AI Vision Development Framework

The previous color recognition and QR code recognition all use some simple image processing functions, while more advanced machine vision requires the use of KPU. It can be simply classified as a computer GPU (graphics card), which essentially realizes high-speed image data calculation.

Let's briefly introduce the KPU of K230. KPU is a neural network processor inside K230. It can realize convolutional neural network calculation under low power consumption, obtain the size, coordinates and type of the detected target in real time, and detect and classify faces or objects. K230 KPU supports INT8 and INT16. The measured reasoning ability under typical networks can reach 13.7 times that of K210, and the MAC utilization rate exceeds 70%.

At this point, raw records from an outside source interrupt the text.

(* Let $G$ be a finite group such that every nontrivial Sylow subgroup of $G/G'$ is noncyclic, and let $N$ be a normal subgroup of $G$ such that $\eta(G) = \eta(G/N)$. Then $N \le G'$.
   Context: All groups are finite. A cyclic subgroup $C$ of a group $G$ is maximal cyclic if there is no cyclic subgroup $D$ of $G$ with $C < D$. $\eta(G)$ denotes the number of conjugacy classes of maximal cyclic subgroups of $G$. $G'$ is the derived subgroup of $G$. *)

theory Defs
  imports "HOL-Algebra.Algebra"
begin

definition cyclic_subgroup :: "('a, 'b) monoid_scheme \<Rightarrow> 'a set \<Rightarrow> bool" where
  "cyclic_subgroup G C \<longleftrightarrow> (\<exists>x \<in> carrier G. C = generate G {x})"

definition maximal_cyclic :: "('a, 'b) monoid_scheme \<Rightarrow> 'a set \<Rightarrow> bool" where
  "maximal_cyclic G C \<longleftrightarrow> cyclic_subgroup G C \<and> \<not> (\<exists>D. cyclic_subgroup G D \<and> C \<subset> D)"

definition conj_class_subsets :: "('a, 'b) monoid_scheme \<Rightarrow> 'a set \<Rightarrow> 'a set set" where
  "conj_class_subsets G H = {(\<lambda>h. g \<otimes>\<^bsub>G\<^esub> h \<otimes>\<^bsub>G\<^esub> inv\<^bsub>G\<^esub> g) ` H | g. g \<in> carrier G}"

definition eta :: "('a, 'b) monoid_scheme \<Rightarrow> nat" where
  "eta G = card (conj_class_subsets G ` {C. maximal_cyclic G C})"

definition sylow_subgroup :: "('a, 'b) monoid_scheme \<Rightarrow> nat \<Rightarrow> 'a set \<Rightarrow> bool" where
  "sylow_subgroup G p P \<longleftrightarrow> Factorial_Ring.prime p \<and> subgroup P G \<and>
     card P = p ^ Factorial_Ring.multiplicity p (order G)"

end

theory Submission
  imports Defs
begin

text \<open>
  If \<open>\<eta>(G) = \<eta>(G/N)\<close>, the map \<open>M \<mapsto> MN/N\<close> induces a map from conjugacy classes of maximal
  cyclic subgroups of \<open>G\<close> onto those of \<open>G/N\<close> (every maximal cyclic subgroup of \<open>G/N\<close> is the
  image of one of \<open>G\<close>); as both sets have the same finite size, it is a bijection. Hence the
  image of a maximal cyclic \<open>\<langle>x\<rangle>\<close> is maximal cyclic, and for \<open>n \<in> N\<close> a maximal cyclic subgroup
  containing \<open>xn\<close> has the same image as \<open>\<langle>x\<rangle>\<close>, so it is conjugate to \<open>\<langle>x\<rangle>\<close>: \<open>xn\<close> is a
  conjugate of a power of \<open>x\<close>.

  In the abelian group \<open>G/G'\<close> this says that the image \<open>\<beta>\<close> of \<open>n\<close> lies in a common cyclic
  subgroup with every element. If \<open>N \<not>\<subseteq> G'\<close>, some \<open>\<beta> \<noteq> 1\<close>; then for an element \<open>b\<close> of prime
  order \<open>p\<close> in \<open>\<langle>\<beta>\<rangle>\<close>, every element of order \<open>p\<close> lies in \<open>\<langle>b\<rangle>\<close>. An abelian \<open>p\<close>-group
  with a unique subgroup of order \<open>p\<close> is cyclic, so the Sylow \<open>p\<close>-subgroup of \<open>G/G'\<close> is
  nontrivial and cyclic, contradicting the hypothesis.
\<close>

lemma factored_image_eq_if_card_eq:
  assumes factor: "\<forall>x \<in> S. \<forall>y \<in> S. f x = f y \<longrightarrow> h x = h y"
    and fin: "finite (f ` S)" and K: "K \<subseteq> h ` S" and card: "card K = card (f ` S)"
  shows "h ` S = K"
    and "\<And>x y. \<lbrakk>x \<in> S; y \<in> S; h x = h y\<rbrakk> \<Longrightarrow> f x = f y"
proof -
  define h' where "h' = h \<circ> inv_into S f"
  have h': "h' (f x) = h x" if "x \<in> S" for x
  proof -
    have "inv_into S f (f x) \<in> S" "f (inv_into S f (f x)) = f x"
      using that by (simp_all add: inv_into_into f_inv_into_f)
    then show ?thesis
      unfolding h'_def comp_apply using factor that by blast
  qed
  have img: "h ` S = h' ` f ` S"
    unfolding image_image using h' by simp
  have "card (h ` S) \<le> card K"
    unfolding img card using fin by (rule card_image_le)
  then show hS: "h ` S = K"
    using card_seteq[OF _ K] img fin by (metis finite_imageI)
  have "inj_on h' (f ` S)"
    using fin by (rule eq_card_imp_inj_on) (simp add: img[symmetric] hS card)
  then show "f x = f y" if "x \<in> S" "y \<in> S" "h x = h y" for x y
    using that h' by (metis imageI inj_onD)
qed

lemma prime_torsion_multiple_int:
  fixes n i j p :: int
  assumes p: "Factorial_Ring.prime p" and i: "n dvd i * p" and j: "n dvd j * p" and nj: "\<not> n dvd j"
  shows "\<exists>u. n dvd i - j * u"
proof -
  have "p dvd n"
    using j nj p by (metis coprime_commute coprime_dvd_mult_left_iff prime_imp_coprime)
  then obtain r where n: "n = p * r"
    by (elim dvdE)
  have "p \<noteq> 0"
    using p by auto
  then have "r dvd i" "r dvd j"
    using i j unfolding n by (simp_all add: mult.commute)
  then obtain i' j' where i': "i = r * i'" and j': "j = r * j'"
    by (elim dvdE)
  have "\<not> p dvd j'"
    using nj unfolding n j' by (simp add: mult.commute)
  then have "coprime j' p"
    using p by (metis coprime_commute prime_imp_coprime)
  then obtain u v where "u * j' + v * p = 1"
    using bezout_int[of j' p] by auto
  then have uv: "1 - u * j' = v * p"
    by linarith
  have "i - j * (u * i') = r * i' * (1 - u * j')"
    unfolding i' j' by (simp add: algebra_simps)
  also have "\<dots> = n * (i' * v)"
    unfolding uv n by (simp add: algebra_simps)
  finally show ?thesis
    by (metis dvd_triv_left)
qed


section \<open>Conjugates of subsets and maximal cyclic subgroups\<close>

definition conj_set :: "('a, 'b) monoid_scheme \<Rightarrow> 'a \<Rightarrow> 'a set \<Rightarrow> 'a set" where
  "conj_set G g H = (\<lambda>h. g \<otimes>\<^bsub>G\<^esub> h \<otimes>\<^bsub>G\<^esub> inv\<^bsub>G\<^esub> g) ` H"

lemma conj_class_subsets_conv: "conj_class_subsets G H = {conj_set G g H | g. g \<in> carrier G}"
  unfolding conj_class_subsets_def conj_set_def ..

lemma conj_class_subsetsI: "g \<in> carrier G \<Longrightarrow> conj_set G g C \<in> conj_class_subsets G C"
  unfolding conj_class_subsets_conv by blast

lemma conj_class_subsetsE:
  assumes "D \<in> conj_class_subsets G C"
  obtains g where "g \<in> carrier G" "D = conj_set G g C"
  using assms unfolding conj_class_subsets_conv by blast

context group
begin

lemma conj_hom: "g \<in> carrier G \<Longrightarrow> (\<lambda>h. g \<otimes> h \<otimes> inv g) \<in> hom G G"
  by (auto simp: hom_def m_assoc inv_solve_left inv_solve_left')

lemma conj_set_generate:
  assumes "g \<in> carrier G" "x \<in> carrier G"
  shows "conj_set G g (generate G {x}) = generate G {g \<otimes> x \<otimes> inv g}"
proof -
  interpret conj: group_hom G G "\<lambda>h. g \<otimes> h \<otimes> inv g"
    using conj_hom[OF assms(1)] by unfold_locales
  show ?thesis
    unfolding conj_set_def using conj.generate_img[of "{x}"] assms(2) by simp
qed

lemma conj_set_mult:
  "\<lbrakk>g \<in> carrier G; h \<in> carrier G; C \<subseteq> carrier G\<rbrakk>
     \<Longrightarrow> conj_set G g (conj_set G h C) = conj_set G (g \<otimes> h) C"
  unfolding conj_set_def image_image
  by (intro image_cong refl) (auto simp: m_assoc inv_mult_group subsetD)

lemma conj_set_one: "C \<subseteq> carrier G \<Longrightarrow> conj_set G \<one> C = C"
  unfolding conj_set_def by (auto simp: subsetD image_iff)

lemma conj_set_inv: "\<lbrakk>g \<in> carrier G; C \<subseteq> carrier G\<rbrakk> \<Longrightarrow> conj_set G (inv g) (conj_set G g C) = C"
  by (simp add: conj_set_mult conj_set_one)

lemma conj_set_psubset:
  assumes "g \<in> carrier G" "D \<subseteq> carrier G" "C \<subset> D"
  shows "conj_set G g C \<subset> conj_set G g D"
proof -
  have "inj_on (\<lambda>h. g \<otimes> h \<otimes> inv g) D"
    using assms by (intro inj_onI) (auto simp: subsetD)
  then show ?thesis
    unfolding conj_set_def using assms(3) by (rule image_strict_mono)
qed

lemma conj_class_subsets_self:
  assumes "C \<subseteq> carrier G"
  shows "C \<in> conj_class_subsets G C"
proof -
  have "conj_set G \<one> C \<in> conj_class_subsets G C"
    by (rule conj_class_subsetsI[OF one_closed])
  then show ?thesis
    using conj_set_one[OF assms] by (simp only:)
qed

lemma conj_class_subsets_eq:
  assumes "C \<subseteq> carrier G" "D \<in> conj_class_subsets G C"
  shows "conj_class_subsets G D = conj_class_subsets G C"
proof -
  obtain g where g: "g \<in> carrier G" "D = conj_set G g C"
    using assms(2) by (rule conj_class_subsetsE)
  have "\<exists>h' \<in> carrier G. conj_set G h D = conj_set G h' C" if "h \<in> carrier G" for h
    using that g assms(1) by (intro bexI[of _ "h \<otimes> g"]) (simp_all add: conj_set_mult)
  moreover have "\<exists>h' \<in> carrier G. conj_set G h C = conj_set G h' D" if "h \<in> carrier G" for h
    using that g assms(1) by (intro bexI[of _ "h \<otimes> inv g"]) (simp_all add: conj_set_mult m_assoc)
  ultimately show ?thesis
    unfolding conj_class_subsets_conv by (intro equalityI subsetI) (clarsimp, metis)+
qed

lemma cyclic_subgroup_subset_carrier: "cyclic_subgroup G C \<Longrightarrow> C \<subseteq> carrier G"
  unfolding cyclic_subgroup_def using generate_incl by blast

lemma cyclic_subgroup_conj_set:
  "\<lbrakk>g \<in> carrier G; cyclic_subgroup G C\<rbrakk> \<Longrightarrow> cyclic_subgroup G (conj_set G g C)"
  unfolding cyclic_subgroup_def using conj_set_generate by (metis m_closed inv_closed)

In order to help users simplify the development of the AI part, CanMV officially built a matching AI vision development framework based on K230. The framework structure is shown in the figure below:

ai_frame

In simple terms, this framework outputs two images by default from the sensor (camera), one in YUV420 format, which is directly displayed on the display; the other in RGB888 format, which is processed by the AI part. AI mainly implements the pre-processing, reasoning and post-processing processes of the task. After obtaining the post-processing results, it is drawn on the osd image instance and sent to the display for superposition. Finally, the recognition results are displayed on the HDMI, LCD or IDE buffer.

The advantage of this framework is that users can directly implement their own functions based on the processing results. At the same time, AI mainly implements the pre-processing, reasoning and post-processing processes of the task through Python code, which is convenient for users to conduct in-depth secondary development. It fully meets the needs of different users and developers.

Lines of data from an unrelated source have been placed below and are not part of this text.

lemma ip_merged_right:
  assumes "L2 w1" "L2 w2" "L2 \<psi>"
  shows "ip \<psi> (\<lambda>x. w1 x + exp (\<i> * complex_of_real \<alpha>) * w2 x)
    = ip \<psi> w1 + exp (- \<i> * complex_of_real \<alpha>) * ip \<psi> w2"
  using ip_lincomb_right[OF assms, of 1 "exp (\<i> * complex_of_real \<alpha>)"] by (simp add: exp_cnj)

lemma Adom_eq_Adom_merged:
  assumes "L2 w1" "L2 w2"
  shows "Adom w1 w2 \<alpha> = Adom (\<lambda>x. w1 x + exp (\<i> * complex_of_real \<alpha>) * w2 x) (\<lambda>_. 0) \<alpha>"
proof -
  have "\<psi> 1 + \<i> * ip \<psi> w2 = exp (\<i> * \<alpha>) * (\<psi> 0 - \<i> * ip \<psi> w1)
    \<longleftrightarrow> \<psi> 1 = exp (\<i> * \<alpha>) * (\<psi> 0 - \<i> * ip \<psi> (\<lambda>x. w1 x + exp (\<i> * \<alpha>) * w2 x))"
    if "W21 \<psi>" for \<psi>
  proof -
    have "exp (\<i> * \<alpha>) * exp (- \<i> * \<alpha>) = 1"
      by (simp flip: exp_add)
    then show ?thesis
      using ip_merged_right[OF assms W21_imp_L2[OF that]] by (auto simp: algebra_simps)
  qed
  then show ?thesis
    unfolding Adom_def by auto
qed

lemma Aop_diff_eq_hermitian_rank2:
  assumes "L2 w1" "L2 w2" "\<psi> \<in> Adom w1 w2 \<alpha>"
  shows "Aop w1 w2 \<alpha> \<psi> x - Aop (\<lambda>x. w1 x + exp (\<i> * complex_of_real \<alpha>) * w2 x) (\<lambda>_. 0) \<alpha> \<psi> x
    = hermitian_rank2 (\<i> / 2 * exp (- \<i> * complex_of_real \<alpha>)) w1 w2 \<psi> x"
proof -
  let ?E = "exp (\<i> * complex_of_real \<alpha>)" and ?F = "exp (- \<i> * complex_of_real \<alpha>)"
  have "L2 \<psi>"
    using assms(3) by (simp add: Adom_def W21_imp_L2)
  have boundary: "\<psi> 1 = ?E * (\<psi> 0 - \<i> * ip \<psi> w1) - \<i> * ip \<psi> w2"
    using assms(3) by (simp add: Adom_def algebra_simps)
  have coefficient: "cnj (\<i> / 2 * ?F) = - \<i> / 2 * ?E"
    by (simp add: exp_cnj)
  have "?E * ?F = 1"
    by (simp flip: exp_add)
  then show ?thesis
    unfolding Aop_def hermitian_rank2_def ip_merged_right[OF assms(1,2) \<open>L2 \<psi>\<close>] boundary coefficient
    by (simp add: algebra_simps)
qed

theorem theorem5p2:
  fixes v1 v2 v :: "real \<Rightarrow> complex" and \<alpha> :: real
  assumes "L2 v1" and "L2 v2"
    and "0 \<le> \<alpha>" and "\<alpha> < 2 * pi"
    and "v = (\<lambda>x. v1 x + exp (\<i> * complex_of_real \<alpha>) * v2 x)"
  defines "B \<equiv> (\<lambda>\<psi> x. \<i> / 2 * exp (- \<i> * complex_of_real \<alpha>) * v1 x * ip \<psi> v2
                     - \<i> / 2 * exp (\<i> * complex_of_real \<alpha>) * v2 x * ip \<psi> v1)"
  shows "Adom v1 v2 \<alpha> = Adom v (\<lambda>_. 0) \<alpha>
    \<and> (\<forall>\<psi>\<in>Adom v1 v2 \<alpha>. \<forall>x\<in>{0..1}. Aop v1 v2 \<alpha> \<psi> x - Aop v (\<lambda>_. 0) \<alpha> \<psi> x = B \<psi> x)
    \<and> bounded_L2op B \<and> selfadjoint_L2op B \<and> rank_le_L2op B 2"
proof -
  have "B = hermitian_rank2 (\<i> / 2 * exp (- \<i> * complex_of_real \<alpha>)) v1 v2"
    by (simp add: B_def hermitian_rank2_def exp_cnj fun_eq_iff)
  then show ?thesis
    using Adom_eq_Adom_merged Aop_diff_eq_hermitian_rank2 bounded_L2op_hermitian_rank2
      selfadjoint_L2op_hermitian_rank2 rank_le_L2op_hermitian_rank2 assms(1,2,5)
    by simp
qed

end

The main API interfaces of the AI visual development framework are:

PineLine : Encapsulate the sensor and display into a fixed interface for image acquisition, drawing, and result image display.Click to view detailed description

Ai2d : Preprocessing related interfaces. Click to view detailed introduction
AIBase : Main interface for model reasoning. Click here for detailed description

The AI vision routines in this chapter all implement their main functions through the above interfaces.